Rio profit dives but in line with expectation

Rio Tinto's first half underlying earnings dropped 18%, exactly as expected.

Rio Tinto (RIO) has flagged further economic volatility in the medium term and is pushing ahead with its aggressive cost cutting drive.

The company reported a 71% drop in first-half profit to $1.72 billion following a $1.85 billion charge on exchange rate differences for its debt and derivatives.
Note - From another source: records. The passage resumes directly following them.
lemma pvar_power: "pvar i ^ k = Poly_Mapping.single (Poly_Mapping.single i k) 1"
proof (induction k)
  case (Suc k)
  have "Poly_Mapping.single (Poly_Mapping.single i (Suc k)) (1::real)
      = Poly_Mapping.single (Poly_Mapping.single i 1) 1 * Poly_Mapping.single (Poly_Mapping.single i k) 1"
    by (simp add: mult_single flip: single_add)
  with Suc show ?case by (simp add: pvar_def)
qed simp

lemma monomial_eq_prod_pvar:
  "Poly_Mapping.single m 1 = (\<Prod>i\<in>Poly_Mapping.keys m. pvar i ^ Poly_Mapping.lookup m i)"
proof -
  have "m = (\<Sum>i\<in>Poly_Mapping.keys m. Poly_Mapping.single i (Poly_Mapping.lookup m i))"
    by (rule poly_mapping_eqI) (auto simp: lookup_sum lookup_single when_def in_keys_iff)
  then have "Poly_Mapping.single m (1::real)
      = Poly_Mapping.single (\<Sum>i\<in>Poly_Mapping.keys m. Poly_Mapping.single i (Poly_Mapping.lookup m i)) 1"
    by simp
  also have "\<dots> = (\<Prod>i\<in>Poly_Mapping.keys m. pvar i ^ Poly_Mapping.lookup m i)"
    by (simp add: single_sum_eq_prod_single pvar_power)
  finally show ?thesis .
qed

lemma real_span_hprod_UNIV: "real_span (range hprod) = UNIV"
proof -
  have prod_in: "prod F A \<in> real_span (range hprod)"
    if "\<And>x. F x \<in> real_span (range hprod)" for F :: "nat \<Rightarrow> sym" and A
    using that by (induction A rule: infinite_finite_induct)
                  (auto intro: one_in_real_span_hprod real_span_hprod_mult)
  have pvar_pow: "pvar i ^ k \<in> real_span (range hprod)" for i k
    using psum_in_real_span_hprod[of "Suc i"]
    by (induction k) (auto simp: psum_def intro: one_in_real_span_hprod real_span_hprod_mult)
  have monomial: "Poly_Mapping.single m 1 \<in> real_span (range hprod)" for m
    unfolding monomial_eq_prod_pvar by (intro prod_in pvar_pow)
  have "f \<in> real_span (range hprod)" for f :: sym
  proof -
    have "f = (\<Sum>m\<in>Poly_Mapping.keys f. cst (Poly_Mapping.lookup f m) * Poly_Mapping.single m 1)"
      by (rule poly_mapping_eqI)
         (auto simp: cst_def mult_single lookup_sum lookup_single when_def in_keys_iff)
    also have "\<dots> \<in> real_span (range hprod)"
      by (intro real_span_sum real_span_smult monomial)
    finally show ?thesis .
  qed
  then show ?thesis by blast
qed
Rio Tinto posted a $5.88 billion profit in the previous interim period.

After one-offs, Rio Tinto’s operating profit was in line with expectations, reporting an 18% drop in underlying earnings to $US4.2 billion in the period.

Chief executive Sam Walsh said the cost cutting drive was "gathering momentum", with $1.5 billion in reductions taken in the first half and a further $500 million flagged for the six months to December.

Gross revenue dropped three% to $24.5 billion, with revenue at its flagship Hamersley mining venture down four% and revenues from its coal operations plunging 12%.

Mr Walsh said the medium-term economic outlook remained volatile, "with a broader range of outcomes now possible".

"Chinese economic growth has decelerated so far this year and is unlikely to recover significantly in the second half, but we do not expect a hard landing," he said.

Mr Walsh said the $1.5 billion in cost cuts made in the first half included $977 million in operating costs, $483 million from lower exploration and evaluation spend and the culling of 2,200 staff since 30 June last year.

He was targeting operating cash cost savings of $2 billion in 2013 and a further $1 billion in 2014. Rio Tinto was also aiming to reduce its exploration and evaluation spending of $750 million in 2013, compared with 2012.

The iron ore miner shaved capital expenditure by nine% to $7 billion in the half, with full-year capex tipped to come in at $14 billion, 20% lower than the peak capex of 2012.

Net profit also took a hit on a $300 billion write-off of waste stripping costs and damaged equipment at Kennecott Utah Copper after a pit wall slide at Bingham Canyon in April.

Iron ore again delivered the bulk of the company's earnings, while cost savings helped to offset some of the impacts of a higher tax rate and lower commodity prices.

The company has also announced it has abandoned its attempted sale of its unwanted aluminium assets, which will now be integrated back into its Alcan group.

Rio's cost cutting included 4,000 job cuts, but staff numbers are down by 2,200 as 1,800 new jobs were created to support its Pilbara iron ore expansion.

Mr Walsh said he was pleased with the cost savings, that were part of a cultural change at Rio including a revamp of incentive schemes.

"I spent the past six months on the ground either in the office in London or in Australia focussing on delivering the messages so that people get it first hand," he told reporters.

"We are seeing greater discipline in the system ... it is getting to basics, what we have done here is get the fundamentals right, get people aligned and give them clear tasks."

The medium term economic outlook remains volatile, with a broader range of outcomes now possible, Mr Walsh said.

"Chinese economic growth had decelerated so far this year and is unlikely to recover significantly in the second half, but we do not expect a hard landing," he said.

The company aims to cut capital expenditure this year by 20% to $US14 billion as it tries to cut debt.

It has an ambitious target of $US5 billion in operating cost cuts by the end of 2014, and is yet to decide on a further $US5 billion iron ore expansion to 360 million tonnes a year.

Morningstar analyst Mark Taylor said he thought that the abandoned aluminium sale was responsible from Rio as it was not accepting a low price in a weak aluminium market.

Rio's underlying earnings - when one-off costs are stripped out - was down 18% from the first half of 2102 to $US4.23 billion ($A4.72 billion), in line with analysts expectations.

Iron ore dominated Rio Tinto's performance, while the coal division posted a loss.

Mr Walsh defended the situation, saying Rio was a diversified miner that just happened to make most of its earnings in iron ore at this point in time because it was in demand.

An increase in Rio Tinto's tax rate to 38% from 27% had an adverse impact on earnings of $US353 million ($A394.15 million).

The company partly blamed that on the mining tax.

Rio will pay an interim fully-franked interim dividend of 93 cents, an increase of 37% on the 68.51 cents issued in the previous corresponding period.